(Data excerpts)
lemma matching_perm_permutes: "matching_perm permutes {1..m}"
proof (rule bij_imp_permutes)
  have "matching_perm ` {1..m} \<subseteq> {1..m}"
    using matching_perm_in_range by blast
  then show "bij_betw matching_perm {1..m} {1..m}"
    by (rule_tac bij_betw_byWitness[where f' = matching_perm]) (simp_all add: matching_perm_involutive)
qed (use E_sub D_sub in \<open>auto simp: matching_perm_def\<close>)

lemma matching_perm_increasing_off_E:
  assumes x: "x \<in> {1..m}" "x \<notin> E" and y: "y \<notin> E" and "x < y"
  shows "matching_perm x < matching_perm y"
proof (cases "x \<in> D"; cases "y \<in> D")
  assume "x \<in> D" "y \<in> D"
  then show ?thesis
    using strict_mono_onD[OF strict_mono_on_inv_into[OF bij mono]] x y \<open>x < y\<close>
    by (simp add: matching_perm_def)
next
  assume "x \<in> D" "y \<notin> D"
  then have "inv_into E f x < x"
    using less_f[OF inv_in_E] by fastforce
  then show ?thesis
    using \<open>x \<in> D\<close> \<open>y \<notin> D\<close> x y \<open>x < y\<close> by (simp add: matching_perm_def)
next
  assume "x \<notin> D" "y \<in> D"
  have "inv_into E f y \<noteq> x" using inv_in_E[OF \<open>y \<in> D\<close>] x by auto
  moreover have "\<not> inv_into E f y < x"
    using not_fixed_under_arc[OF inv_in_E[OF \<open>y \<in> D\<close>] x(1)] \<open>x < y\<close> \<open>y \<in> D\<close> x \<open>x \<notin> D\<close>
    by auto
  ultimately show ?thesis
    using \<open>x \<notin> D\<close> \<open>y \<in> D\<close> x y by (simp add: matching_perm_def)
next
  assume "x \<notin> D" "y \<notin> D"
  then show ?thesis
    using x y \<open>x < y\<close> by (simp add: matching_perm_def)
qed

lemma involution321_matching_perm: "involution321 m matching_perm"
proof
  show "matching_perm permutes {1..m}" by (rule matching_perm_permutes)
  show "matching_perm (matching_perm x) = x" for x by (rule matching_perm_involutive)
  show "avoids321 m matching_perm"
  proof (rule avoids321I_two_increasing[where A = E])
    fix i j assume ij: "1 \<le> i" "i < j" "j \<le> m" "i \<in> E \<longleftrightarrow> j \<in> E"
    show "matching_perm i < matching_perm j"
    proof (cases "i \<in> E")
      case True
      then show ?thesis
        using ij strict_mono_onD[OF mono] by (simp add: matching_perm_def)
    next
      case False
      then show ?thesis
        using ij matching_perm_increasing_off_E[of i j] by simp
    qed
  qed
qed
lemma fact_sum_mult_prod_power_le:
  fixes r :: "'a \<Rightarrow> real" and n :: "'a \<Rightarrow> nat"
  assumes "finite K" and "\<And>k. k \<in> K \<Longrightarrow> 0 \<le> r k"
  shows "fact (\<Sum>k\<in>K. n k) * (\<Prod>k\<in>K. r k ^ n k)
    \<le> (\<Sum>k\<in>K. r k) ^ (\<Sum>k\<in>K. n k) * (\<Prod>k\<in>K. fact (n k))"
  using assms
proof (induction K rule: finite_induct)
  case empty
  then show ?case by simp
next
  case (insert i K)
  define N where "N = (\<Sum>k\<in>K. n k)"
  define S where "S = (\<Sum>k\<in>K. r k)"
  define P where "P = (\<Prod>k\<in>K. r k ^ n k)"
  define F where "F = (\<Prod>k\<in>K. fact (n k) :: real)"
  define B where "B = of_nat ((n i + N) choose n i) * r i ^ n i"
  have IH: "fact N * P \<le> S ^ N * F"
    using insert by (simp add: N_def S_def P_def F_def)
  have "r i \<ge> 0" "S \<ge> 0" "F \<ge> 0" "B \<ge> 0"
    using insert by (auto simp: S_def F_def B_def intro: sum_nonneg prod_nonneg)
  have "(fact (n i + N) :: real) = of_nat ((n i + N) choose n i) * fact (n i) * fact N"
    using binomial_fact[of "n i" "n i + N", where 'a = real] by simp
  then have "fact (n i + N) * (r i ^ n i * P) = B * fact (n i) * (fact N * P)"
    by (simp add: B_def mult_ac)
  also have "\<dots> \<le> B * fact (n i) * (S ^ N * F)"
    using IH \<open>B \<ge> 0\<close> by (intro mult_left_mono) auto
  also have "\<dots> = (B * S ^ N) * (fact (n i) * F)"
    by (simp add: mult_ac)
  also have "\<dots> \<le> (r i + S) ^ (n i + N) * (fact (n i) * F)"
    using binomial_term_le_power[OF \<open>r i \<ge> 0\<close> \<open>S \<ge> 0\<close>] \<open>F \<ge> 0\<close>
    by (intro mult_right_mono) (auto simp: B_def)
  finally show ?case
    using insert by (simp add: N_def S_def P_def F_def mult_ac)
qed

lemma ex_gt_1_power_mult_less_1:
  fixes t :: real
  assumes "0 < e" and "0 \<le> t" and "t < 1"
  shows "\<exists>\<theta>>1. \<theta> ^ e * t < 1"
proof (intro exI conjI)
  show "1 < root e (2 / (1 + t))"
    using assms by (simp add: real_root_gt_1_iff)
  show "root e (2 / (1 + t)) ^ e * t < 1"
    using assms by (simp add: field_simps)
qed

lemma inj_on_restrict_finite_support:
  "inj_on (\<lambda>n. restrict n K) {n. \<forall>k. k \<notin> K \<longrightarrow> n k = 0}"
proof (rule inj_onI, rule ext)
  fix u v k
  assume "u \<in> {n. \<forall>k. k \<notin> K \<longrightarrow> n k = 0}" "v \<in> {n. \<forall>k. k \<notin> K \<longrightarrow> n k = 0}"
    and "restrict u K = restrict v K"
  then show "u k = v k"
    by (cases "k \<in> K") (auto dest: fun_cong[where x = k])
qed

lemma sum_PiE_geometric_le:
  fixes q :: real
  assumes "finite K" and "0 \<le> q" and "q < 1"
  shows "(\<Sum>n\<in>PiE K (\<lambda>_. {..L}). q ^ (\<Sum>k\<in>K. n k)) \<le> (1 / (1 - q)) ^ card K"
proof -
  have "(\<Sum>n\<in>PiE K (\<lambda>_. {..L}). q ^ (\<Sum>k\<in>K. n k)) = (\<Prod>k\<in>K. \<Sum>i\<le>L. q ^ i)"
    unfolding power_sum using assms by (subst prod_sum_PiE) auto
  also have "\<dots> \<le> (\<Prod>k\<in>K. 1 / (1 - q))"
  proof (rule prod_mono)
    have "(\<Sum>i\<le>L. q ^ i) \<le> (\<Sum>i. q ^ i)"
      using assms by (intro sum_le_suminf summable_geometric) auto
    then show "0 \<le> (\<Sum>i\<le>L. q ^ i) \<and> (\<Sum>i\<le>L. q ^ i) \<le> 1 / (1 - q)"
      using assms by (simp add: suminf_geometric sum_nonneg)
  qed
  finally show ?thesis
    by simp
qed

lemma geometric_summable_on_finite_support:
  fixes q :: real
  assumes "finite K" and "0 \<le> q" and "q < 1"
  shows "(\<lambda>n. q ^ (\<Sum>k\<in>K. n k)) summable_on {n. \<forall>k. k \<notin> K \<longrightarrow> n k = 0}"
    (is "?g summable_on ?M")
proof (rule nonneg_bdd_above_summable_on)
  show "0 \<le> ?g n" for n
    using assms by simp
  show "bdd_above (sum ?g ` {F. F \<subseteq> ?M \<and> finite F})"
  proof (rule bdd_aboveI2)
    fix F assume "F \<in> {F. F \<subseteq> ?M \<and> finite F}"
    then have "F \<subseteq> ?M" and "finite F" by auto
    define L where "L = (\<Sum>n\<in>F. \<Sum>k\<in>K. n k)"
    have "?g (restrict n K) = ?g n" for n
      by (simp add: restrict_def)
    then have "sum ?g F = sum ?g ((\<lambda>n. restrict n K) ` F)"
      using inj_on_subset[OF inj_on_restrict_finite_support \<open>F \<subseteq> ?M\<close>]
      by (simp add: sum.reindex)
    also have "\<dots> \<le> sum ?g (PiE K (\<lambda>_. {..L}))"
    proof (rule sum_mono2)
      have "n k \<le> L" if "n \<in> F" "k \<in> K" for n k
      proof -
        have "n k \<le> (\<Sum>k\<in>K. n k)"
          using that assms by (intro member_le_sum) auto
        also have "\<dots> \<le> L"
          unfolding L_def using that \<open>finite F\<close> by (intro member_le_sum) auto
        finally show ?thesis .
      qed
      then show "(\<lambda>n. restrict n K) ` F \<subseteq> PiE K (\<lambda>_. {..L})"
        by auto
    qed (use assms in \<open>simp_all add: finite_PiE\<close>)
    also have "\<dots> \<le> (1 / (1 - q)) ^ card K"
      using sum_PiE_geometric_le[OF assms] .
    finally show "sum ?g F \<le> (1 / (1 - q)) ^ card K" .
  qed
qed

Problem details: Reproduce the records above line by line, without any change, up to and including the line that holds "x < matching_perm".

Output of the exercise:
lemma matching_perm_permutes: "matching_perm permutes {1..m}"
proof (rule bij_imp_permutes)
  have "matching_perm ` {1..m} \<subseteq> {1..m}"
    using matching_perm_in_range by blast
  then show "bij_betw matching_perm {1..m} {1..m}"
    by (rule_tac bij_betw_byWitness[where f' = matching_perm]) (simp_all add: matching_perm_involutive)
qed (use E_sub D_sub in \<open>auto simp: matching_perm_def\<close>)

lemma matching_perm_increasing_off_E:
  assumes x: "x \<in> {1..m}" "x \<notin> E" and y: "y \<notin> E" and "x < y"
  shows "matching_perm x < matching_perm y"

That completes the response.